Exercise 4. Lean on the edge of the foot
Place one foot flat on the floor and the other on your toes. We will work with the first leg, and place the second on the toe to further increase the load on the first. Lift the inside edge of your foot on the first leg, moving your weight to the outside edge of your foot. Switch legs and repeat the same thing, lifting the inner edge of the foot that first stood on the toe.
Be careful: the leg should not fall to the side, the big toe remains in contact with the ground. If you perform the exercise correctly, you will train the tibialis posterior muscle. This muscle moves the foot inward and is not used during everyday walking. But if you put your foot too far on the outer edge, the ankle ligaments will stretch and the tibialis posterior muscle will turn off.
Principles of physical education for arthrosis.

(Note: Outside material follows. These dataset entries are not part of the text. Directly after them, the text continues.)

theorem slowly_oscillating_abel_tauberian:
  assumes oscillating: "slowly_oscillating s" and abel: "abel_convergent_to s l"
  shows "s \<longlonglongrightarrow> l"
proof -
  have "Bseq s"
    using slowly_oscillating_abel_convergent_imp_Bseq[OF assms] .
  then obtain M where M: "\<And>k. \<bar>s k\<bar> \<le> M"
    unfolding Bseq_def by auto
  have close: "eventually (\<lambda>n. \<bar>s n - l\<bar> \<le> 2 * \<epsilon>) sequentially" if "\<epsilon> > 0" for \<epsilon>
  proof -
    obtain \<delta>0 N0 where "\<delta>0 > 0" and
      osc: "\<And>n k. N0 \<le> n \<Longrightarrow> n \<le> k \<Longrightarrow> real k \<le> (1 + \<delta>0) * real n \<Longrightarrow> \<bar>s k - s n\<bar> < \<epsilon>"
      using oscillating \<open>\<epsilon> > 0\<close> unfolding slowly_oscillating_def by meson
    define \<delta> where "\<delta> = min \<delta>0 1"
    have \<delta>: "0 < \<delta>" "\<delta> \<le> 1" "\<delta> \<le> \<delta>0"
      using \<open>\<delta>0 > 0\<close> by (auto simp: \<delta>_def)
    define c where "c = exp (- 2) * \<delta>\<^sup>2 / 32"
    have "c > 0" using \<delta> by (simp add: c_def)
    have "eventually (\<lambda>n. \<bar>tent_mean \<delta> s n - l * tent_mean \<delta> (\<lambda>_. 1) n\<bar> < \<epsilon> * c) sequentially"
      using tendstoD[OF tent_mean_tendsto[OF abel M \<delta>(2)], of "\<epsilon> * c"] \<open>\<epsilon> > 0\<close> \<open>c > 0\<close>
      by (simp add: dist_real_def)
    moreover have "eventually (\<lambda>n. N0 \<le> n \<and> 8 \<le> real n * \<delta>) sequentially"
      using eventually_ge_at_top[of N0] eventually_le_real_mult[OF \<delta>(1)] by (rule eventually_conj)
    ultimately show ?thesis
    proof eventually_elim
      case (elim n)
      define W where "W = tent_mean \<delta> (\<lambda>_. 1) n"
      define S where "S = tent_mean \<delta> s n"
      have "c \<le> W"
        using tent_mean_one_ge[OF \<delta>(1,2)] elim by (simp add: W_def c_def)
      have "\<bar>S - s n * W\<bar> \<le> \<epsilon> * W"
        unfolding S_def W_def
      proof (rule tent_mean_localized[OF _ M \<delta>(1,2)])
        fix k assume "n < k" "real k < (1 + \<delta>) * real n"
        moreover have "(1 + \<delta>) * real n \<le> (1 + \<delta>0) * real n"
          using \<delta>(3) by (intro mult_right_mono) auto
        ultimately show "\<bar>s k - s n\<bar> \<le> \<epsilon>"
          using osc[of n k] elim by simp
      qed (use elim in simp)
      have "W > 0" using \<open>c \<le> W\<close> \<open>c > 0\<close> by linarith
      have "(s n - l) * W = (s n * W - S) + (S - l * W)"
        by (simp add: algebra_simps)
      then have "\<bar>s n - l\<bar> * W = \<bar>(s n * W - S) + (S - l * W)\<bar>"
        using \<open>W > 0\<close> by (metis abs_mult abs_of_pos)
      also have "\<dots> \<le> \<epsilon> * W + \<epsilon> * c"
        using \<open>\<bar>S - s n * W\<bar> \<le> \<epsilon> * W\<close> elim by (simp add: S_def W_def)
      also have "\<dots> \<le> (2 * \<epsilon>) * W"
        using \<open>c \<le> W\<close> \<open>\<epsilon> > 0\<close> by (simp add: algebra_simps)
      finally show ?case
        using \<open>W > 0\<close> by simp
    qed
  qed
  show ?thesis
  proof (rule tendstoI)
    fix r :: real assume "r > 0"
    show "eventually (\<lambda>n. dist (s n) l < r) sequentially"
      using close[of "r / 3"] \<open>r > 0\<close> by (auto simp: dist_real_def elim: eventually_mono)
  qed
qed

- “Walking accessibility” - don’t rush things - enjoy the slightest success achieved, the range of movements should be increased very carefully, gradually. Energetic, forced movements are contraindicated
- “Work in the pain-free zone” - stop doing the exercises when pain appears, and under no circumstances “overcome the pain.”
- “Light mechanical load with static unloading” - exercises are best performed in a light state - lying or sitting, movements in the joints should be done slowly, but with sufficient amplitude.
- “Move, but avoid overload” - movements should not be too intense, causing injury to the affected joint.
- “Hardware physical training” - devices help stretch and relax the joint.
- “Physical training in the pool” - there is no vertical load on the joints, mechanical and psychological comfort is achieved.
- “Regularity” of exercises. Repeat the exercises frequently throughout the day for a few minutes
- “Assessment of the arthrosis phase” - exacerbation or remission of arthrosis determines the intensity of exercise
Exercise 5. Raising the arch of the foot
Another exercise that targets the tibialis posterior muscle. Place your feet straight and lift the arch of your foot - that place in the sole area that normally does not touch the ground and forms the instep of the foot. This must be done on both legs at the same time. As in the previous exercise, the feet should not fall too far on the outer edge. To prevent this from happening, do not lift your thumb off the floor.
By the way, due to the fact that we rarely use the tibialis posterior muscle, after the exercise it may become tired and a little sore. Don't be alarmed: this is normal, especially if you are doing the warm-up for the first time.
Features of the event
The nature of the exercise should be determined by the doctor. Most often, warm-ups begin to be done in a hospital setting. At home, you must follow your doctor's instructions. Initially, passive gymnastics is done, then, if the patient’s condition allows, isometric exercises and active warm-up are added.
Physical activity can be supplemented with breathing exercises. All manipulations are performed smoothly, the intensity should increase gradually. The exercises should not cause pain to the patient; each of them should be performed 3-4 repetitions. The entire exercise should take no more than 10-20 minutes, so that the patient does not have time to become too tired.